**Problem**
Give a verbatim repeat of the lines that run from the line containing "finally show ?thesis" to the end of the data below.

**Listed records**
(* Let $C,D\subset\mathbb{R}^d$ be polyhedral cones, $A,B$ conic Borel sets, $F\in\mathcal{F}_i(C)$, $G\in\mathcal{F}_j(D)$ with $i+j=d+k$ and $k>0$. If $F$ and $G$ intersect transversely, then $$\varphi_{F\cap G}(C\cap D,A\cap B)=\Phi_k(F\cap G,A\cap B)\,V_{d-k}\big(N(C,F)+N(D,G)\big).$$
   Context: Work in $\mathbb{R}^d$, $d\ge2$; $\gamma_L$ is the standard Gaussian measure on a linear subspace $L$, $\gamma_d=\gamma_{\mathbb{R}^d}$. Conic Borel sets are Borel sets invariant under multiplication by all $\lambda>0$. A polyhedral cone is $\mathbb{R}^d$ or a finite intersection of closed halfspaces whose boundaries contain the origin; $\mathcal{F}_k(C)$ its set of $k$-faces, $L(F)$ the linear hull of a face $F$, $N(C,F)=\{y:\langle y,x\rangle\le0\ \forall x\in C,\ \langle y,x\rangle=0\ \forall x\in F\}$. Two polyhedral cones $F,G$ intersect transversely if $\dim(F\cap G)=\dim F+\dim G-d$ and $\mathrm{relint}\,F\cap\mathrm{relint}\,G\neq\emptyset$ (in which case $F\cap G$ is a face of $C\cap D$). Curvature measures: $\Phi_k(C,A)=\sum_{F\in\mathcal{F}_k(C)}\gamma_{L(F)}(F\cap A)\gamma_{L(F)^\perp}(N(C,F))$; conic intrinsic volumes $V_k(C)=\sum_{F\in\mathcal{F}_k(C)}\gamma_d(F+N(C,F))$. For a face $F$ of a polyhedral cone $C$ and a conic Borel set $A$, $\varphi_F(C,A):=\gamma_d((A\cap F)+N(C,F))$, which equals the probability that the metric projection onto $C$ of a standard Gaussian vector lies in $A\cap\mathrm{relint}\,F$. *)

theory Defs
  imports "HOL-Analysis.Analysis"
begin

definition std_gauss :: "'a::euclidean_space measure" where
  "std_gauss = density lborel
     (\<lambda>x. ennreal ((2 * pi) powr (- real DIM('a) / 2) * exp (- (norm x)\<^sup>2 / 2)))"

definition gamma_d :: "'a::euclidean_space set \<Rightarrow> real" where
  "gamma_d S = measure std_gauss S"

text \<open>Standard Gaussian measure gamma_L on a linear subspace L, realised as the law of the
  orthogonal projection onto L of a standard Gaussian vector of the whole space.\<close>
definition gamma_sub :: "'a::euclidean_space set \<Rightarrow> 'a set \<Rightarrow> real" where
  "gamma_sub L S = measure std_gauss {x. closest_point L x \<in> S}"

definition polyhedral_cone :: "'a::euclidean_space set \<Rightarrow> bool" where
  "polyhedral_cone C \<longleftrightarrow> C = UNIV \<or>
     (\<exists>Y. finite Y \<and> Y \<noteq> {} \<and> (\<forall>y\<in>Y. y \<noteq> 0) \<and> C = {x. \<forall>y\<in>Y. inner y x \<le> 0})"
definition is_restricted_min :: "'a measure \<Rightarrow> nat \<Rightarrow> (nat \<Rightarrow> 'a \<Rightarrow> real) \<Rightarrow> ('a \<Rightarrow> real) \<Rightarrow> nat set \<Rightarrow> (nat \<Rightarrow> real) \<Rightarrow> bool" where
  "is_restricted_min M d X Y S \<beta> \<longleftrightarrow>
     supp_in \<beta> S \<and> (\<forall>\<beta>'. supp_in \<beta>' S \<longrightarrow> risk M d X Y \<beta> \<le> risk M d X Y \<beta>')"

definition Zres :: "'a measure \<Rightarrow> nat \<Rightarrow> (nat \<Rightarrow> 'a \<Rightarrow> real) \<Rightarrow> ('a \<Rightarrow> real) \<Rightarrow> (nat \<Rightarrow> real) \<Rightarrow> nat \<Rightarrow> real" where
  "Zres M d X Y \<beta> i = (\<integral>\<omega>. X i \<omega> * (Y \<omega> - inner_d d \<beta> X \<omega>) \<partial>M)"

definition sigma_x :: "'a measure \<Rightarrow> nat \<Rightarrow> (nat \<Rightarrow> 'a \<Rightarrow> real) \<Rightarrow> 'a measure" where
  "sigma_x M d X = vimage_algebra (space M) (\<lambda>\<omega>. restrict (\<lambda>i. X i \<omega>) {..<d}) (PiM {..<d} (\<lambda>_. borel))"

end

theory Submission
  imports Defs
begin

text \<open>Let \<open>\<delta> = \<beta>\<^sup>* - \<beta>\<^sup>S\<close>, which vanishes outside \<open>S\<^sup>*\<close>. The noise assumption makes all
  residual moments of \<open>\<beta>\<^sup>*\<close> vanish, so every \<open>Z\<^sub>j\<close> is linear in \<open>\<delta>\<close>:
  \<open>Z\<^sub>j = Cov(x\<^sub>F, x\<^sub>j) \<bullet> \<delta>\<^sub>F\<close> with \<open>F = S\<^sup>*\<close>. For \<open>j \<in> F\<close> this reads \<open>Z\<^sub>F = \<Sigma>\<^sub>F \<delta>\<^sub>F\<close>, so for
  \<open>j \<notin> F\<close> the symmetry of \<open>\<Sigma>\<^sub>F\<close> gives \<open>Z\<^sub>j = (\<Sigma>\<^sub>F\<^sup>-\<^sup>1 Cov(x\<^sub>F, x\<^sub>j)) \<bullet> Z\<^sub>F\<close>. Optimality of \<open>\<beta>\<^sup>S\<close>
  forces \<open>Z\<^sub>i = 0\<close> for \<open>i \<in> S\<close>, and the \<open>\<ell>\<^sub>1\<close>-\<open>\<ell>\<^sub>\<infinity>\<close> bound on the scalar product finishes the proof.\<close>

lemma linear_coeff_eq_0_if_quadratic_nonneg:
  fixes a b :: real
  assumes a: "0 \<le> a" and nonneg: "\<And>t. 0 \<le> t\<^sup>2 * a - 2 * t * b"
  shows "b = 0"
proof -
  have "0 \<le> (b / (a + 1))\<^sup>2 * a - 2 * (b / (a + 1)) * b" by (rule nonneg)
  also have "\<dots> = - (b\<^sup>2 * (a + 2)) / (a + 1)\<^sup>2"
    using a by (simp add: field_simps power2_eq_square add_nonneg_eq_0_iff)
  finally have "b\<^sup>2 * (a + 2) \<le> 0"
    using a by (simp add: divide_le_0_iff)
  then show ?thesis using a by (simp add: mult_le_0_iff)
qed

lemma integrable_mult_of_square_integrable:
  fixes f g :: "'a \<Rightarrow> real"
  assumes "f \<in> borel_measurable M" "g \<in> borel_measurable M"
    "integrable M (\<lambda>x. (f x)\<^sup>2)" "integrable M (\<lambda>x. (g x)\<^sup>2)"
  shows "integrable M (\<lambda>x. f x * g x)"
proof (rule Bochner_Integration.integrable_bound[where f="\<lambda>x. (f x)\<^sup>2 + (g x)\<^sup>2"])
  show "integrable M (\<lambda>x. (f x)\<^sup>2 + (g x)\<^sup>2)" using assms by auto
  show "(\<lambda>x. f x * g x) \<in> borel_measurable M" using assms by auto
  have "\<bar>a * b\<bar> \<le> a\<^sup>2 + b\<^sup>2" for a b :: real
    using sum_squares_bound[of "\<bar>a\<bar>" "\<bar>b\<bar>"] abs_ge_zero[of "a * b"]
    unfolding abs_mult power2_abs by linarith
  then show "AE x in M. norm (f x * g x) \<le> norm ((f x)\<^sup>2 + (g x)\<^sup>2)" by auto
qed

lemma square_integrable_add:
  fixes f g :: "'a \<Rightarrow> real"
  assumes "f \<in> borel_measurable M" "g \<in> borel_measurable M"
    "integrable M (\<lambda>x. (f x)\<^sup>2)" "integrable M (\<lambda>x. (g x)\<^sup>2)"
  shows "integrable M (\<lambda>x. (f x + g x)\<^sup>2)"
proof -
  have "(\<lambda>x. (f x + g x)\<^sup>2) = (\<lambda>x. (f x)\<^sup>2 + 2 * (f x * g x) + (g x)\<^sup>2)"
    by (auto simp: power2_eq_square algebra_simps)
  then show ?thesis
    using assms integrable_mult_of_square_integrable[OF assms] by auto
qed
definition induced :: "('a \<Rightarrow> 'a \<Rightarrow> bool) \<Rightarrow> 'a set \<Rightarrow> 'a \<Rightarrow> 'a \<Rightarrow> bool" where
  "induced E W x y \<longleftrightarrow> E x y \<and> x \<in> W \<and> y \<in> W"

definition is_component :: "'a set \<Rightarrow> ('a \<Rightarrow> 'a \<Rightarrow> bool) \<Rightarrow> 'a set \<Rightarrow> bool" where
  "is_component W F A \<longleftrightarrow> (\<exists>a \<in> W. A = {v. \<exists>xs. walk F xs \<and> set xs \<subseteq> W \<and> hd xs = a \<and> last xs = v})"

end

theory Submission
  imports Defs
begin

text \<open>
  Write \<open>N\<^sub>2\<close> for the vertices at distance 2 from \<open>x\<close>. If \<open>a \<noteq> b\<close> in \<open>N\<^sub>2\<close> have a common
  neighbour \<open>p \<in> N\<^sub>2\<close>, then any common neighbour \<open>u\<close> of \<open>x\<close> and \<open>a\<close> equals any common
  neighbour \<open>w\<close> of \<open>x\<close> and \<open>b\<close>, since otherwise \<open>x u a p b w\<close> is a 6-cycle. Hence \<open>a\<close> and
  \<open>b\<close> have the same unique common neighbour with \<open>x\<close>. Stepping by two around an odd cycle
  of \<open>G[N\<^sub>2]\<close> visits all of its vertices, so they all share one such neighbour \<open>u\<close>; along
  edges this spreads to the whole component \<open>A\<close>, and then \<open>u\<close> is the only vertex of
  \<open>N(x)\<close> adjacent to \<open>A\<close>.
\<close>

lemma walk_singleton [simp]: "walk E [a]"
  by (simp add: walk_def)
lemma quad_dvd:
  assumes "j \<ge> 1" "poly w (8 * \<i> * of_nat j) = 0" "poly w (- (8 * \<i> * of_nat j)) = 0"
  shows "quad j dvd w"
proof -
  let ?m = "8 * \<i> * of_nat j :: complex"
  obtain w1 where w1: "w = [:- ?m, 1:] * w1" using assms(2) by (metis poly_eq_0_iff_dvd dvdE)
  have "poly w1 (- ?m) = 0" using assms(1,3) unfolding w1 by simp
  then obtain w2 where w2: "w1 = [:- (- ?m), 1:] * w2" by (metis poly_eq_0_iff_dvd dvdE)
  have "?m * ?m = - (64 * (of_nat j)^2)"
    by (simp add: power2_eq_square[symmetric] power_mult_distrib)
  then have "quad j = [:- ?m, 1:] * [:- (- ?m), 1:]" by (simp add: quad_def)
  moreover have "w = ([:- ?m, 1:] * [:- (- ?m), 1:]) * w2" using w1 w2 by (simp only: mult.assoc)
  ultimately show ?thesis by (metis dvd_triv_left)
qed

lemma quad_root_ne_0: "1 \<le> j \<Longrightarrow> poly (quad j) \<mu> = 0 \<Longrightarrow> \<mu> \<noteq> 0"
  by (auto simp: quad_root_iff)

lemma quad_root_unique: "1 \<le> j \<Longrightarrow> 1 \<le> j' \<Longrightarrow> poly (quad j) \<mu> = 0 \<Longrightarrow> poly (quad j') \<mu> = 0 \<Longrightarrow> j = j'"
proof -
  assume a: "poly (quad j) \<mu> = 0" "poly (quad j') \<mu> = 0"
  have "\<mu> * \<mu> = - (64 * (of_nat j)^2)" "\<mu> * \<mu> = - (64 * (of_nat j')^2)"
    using a by (simp_all add: quad_def algebra_simps eq_neg_iff_add_eq_0 power2_eq_square)
  then have "(of_nat (j^2) :: complex) = of_nat (j'^2)" by simp
  then have "j^2 = j'^2" by (simp only: of_nat_eq_iff)
  then show "j = j'" by (simp add: power_eq_iff_eq_base)
qed

lemma finite_quad_roots: "finite {\<mu>. \<exists>j. 1 \<le> j \<and> j \<le> n \<and> poly (quad j) \<mu> = 0}"
proof (rule finite_subset)
  show "{\<mu>. \<exists>j. 1 \<le> j \<and> j \<le> n \<and> poly (quad j) \<mu> = 0} \<subseteq> (\<Union>j\<in>{1..n}. {\<mu>. poly (quad j) \<mu> = 0})"
    by auto
  show "finite (\<Union>j\<in>{1..n}. {\<mu>. poly (quad j) \<mu> = 0})"
    using poly_roots_finite[of "quad j" for j] by (auto simp: quad_def)
qed
(* Let $\Omega\subseteq\mathbb{R}^d$ be a compact convex set with non-empty interior, and let $\mu_0,\mu_1$ have Lebesgue densities $p_0,p_1$ supported on $\Omega$ that are continuous, uniformly bounded and bounded away from zero on $\Omega$. Let $X_0\sim\mu_0$, $X_1\sim\mu_1$, and define $$v(t,z)=\begin{cases}\mathbb{E}[X_1]-z,& t=0,\ z\in\Omega,\\ \dfrac{\int_{S_t(z)}\delta\,p_0(z-t\delta)p_1(z+(1-t)\delta)d\delta}{\int_{S_t(z)}p_0(z-t\delta)p_1(z+(1-t)\delta)d\delta},& t\in(0,1),\ z\in\Omega^\circ,\\ z-\mathbb{E}[X_0],& t=1,\ z\in\Omega,\end{cases}$$ where $S_t(z)=\{\delta: z-t\delta\in\Omega,\ z+(1-t)\delta\in\Omega\}$. Then for each $t\in[0,1]$, $z\mapsto v(t,z)$ is continuous on its domain. Additionally, for $t\in(0,1)$, setting $v(t,z)=0$ for $z\in\mathrm{SC}(\Omega)$ gives the unique continuous extension of $z\mapsto v(t,z)$ to $\mathrm{SC}(\Omega)$.
   Context: For a set $A\subseteq\mathbb{R}^d$ and $a\in A$, the modulus of convexity at $a$ is $\mathfrak m_a(\varepsilon;A)=\inf\{\mathrm{dist}(\frac{a+b}{2},\partial A): b\in A,\ \|a-b\|\ge\varepsilon\}$ for $\varepsilon\in[0,\mathrm{diam}(A)]$, and $\mathrm{SC}(A)=\{a\in\partial A:\mathfrak m_a(\varepsilon;A)>0\text{ for all }\varepsilon\in(0,\mathrm{diam}(A)]\}$ (the boundary points at which $A$ is strictly convex). *)

theory Defs
  imports "HOL-Analysis.Analysis"
begin

text \<open>Modulus of convexity of A at a (extended-real valued, so that the infimum of the
  empty set is +\<infinity>), and the set SC(A) of boundary points of strict convexity.\<close>
definition modconv :: "'a::euclidean_space set \<Rightarrow> 'a \<Rightarrow> real \<Rightarrow> ereal" where
  "modconv A a \<epsilon> =
     (INF b \<in> {b \<in> A. norm (a - b) \<ge> \<epsilon>}. ereal (infdist ((1/2) *\<^sub>R (a + b)) (frontier A)))"

definition SC :: "'a::euclidean_space set \<Rightarrow> 'a set" where
  "SC A = {a \<in> frontier A. \<forall>\<epsilon>. 0 < \<epsilon> \<and> \<epsilon> \<le> diameter A \<longrightarrow> modconv A a \<epsilon> > 0}"
lemma collision_rhs_norm_sq:
  assumes "prob_space Xi"
    and "\<And>i. integrable Xi (\<lambda>x. x $ i) \<and> (\<integral>x. x $ i \<partial>Xi) = 0"
    and "\<And>i. integrable Xi (\<lambda>x. (x $ i)\<^sup>2) \<and> prob_space.variance Xi (\<lambda>x. x $ i) = 1"
  shows "collision_rhs lam sig D alpha E Xi g (\<lambda>v. (norm v)\<^sup>2) =
    2 * lam * (mean g \<bullet> v_alpha alpha E g - (\<integral>v. g v * (norm v)\<^sup>2 \<partial>lborel))
    + (lam\<^sup>2 + sig\<^sup>2 * kappa D CARD('d)) * (\<integral>v. g v * (norm (v - v_alpha alpha E g))\<^sup>2 \<partial>lborel)"
proof -
  define a where "a = v_alpha alpha E g"
  have "collision_rhs lam sig D alpha E Xi g (\<lambda>v. (norm v)\<^sup>2) =
    (\<integral>xi. 2 * lam * (mean g \<bullet> a - (\<integral>v. g v * (norm v)\<^sup>2 \<partial>lborel)) + lam\<^sup>2 * (\<integral>v. g v * (norm (v - a))\<^sup>2 \<partial>lborel)
      + (\<Sum>i\<in>UNIV. xi $ i * (2 * sig * (\<integral>v. g v * ((v + lam *\<^sub>R (a - v)) $ i * noise_coeff D (a - v) i) \<partial>lborel)))
      + (\<Sum>i\<in>UNIV. (xi $ i)\<^sup>2 * (sig\<^sup>2 * (\<integral>v. g v * (noise_coeff D (a - v) i)\<^sup>2 \<partial>lborel))) \<partial>Xi)"
    unfolding a_def collision_rhs_eq_integral[OF integrable_energy_change] integral_energy_change ..
  also have "\<dots> = 2 * lam * (mean g \<bullet> a - (\<integral>v. g v * (norm v)\<^sup>2 \<partial>lborel)) + lam\<^sup>2 * (\<integral>v. g v * (norm (v - a))\<^sup>2 \<partial>lborel)
      + (\<Sum>i\<in>UNIV. sig\<^sup>2 * (\<integral>v. g v * (noise_coeff D (a - v) i)\<^sup>2 \<partial>lborel))"
    by (rule integral_quadratic_in_components[OF assms])
  also have "(\<Sum>i\<in>UNIV. sig\<^sup>2 * (\<integral>v. g v * (noise_coeff D (a - v) i)\<^sup>2 \<partial>lborel))
      = sig\<^sup>2 * kappa D CARD('d) * (\<integral>v. g v * (norm (v - a))\<^sup>2 \<partial>lborel)"
    by (simp add: sum_distrib_left[symmetric] sum_integral_noise_coeff_sq)
  finally show ?thesis
    by (simp add: a_def algebra_simps)
qed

**Response area**
  finally show ?thesis
    by (simp add: a_def algebra_simps)
qed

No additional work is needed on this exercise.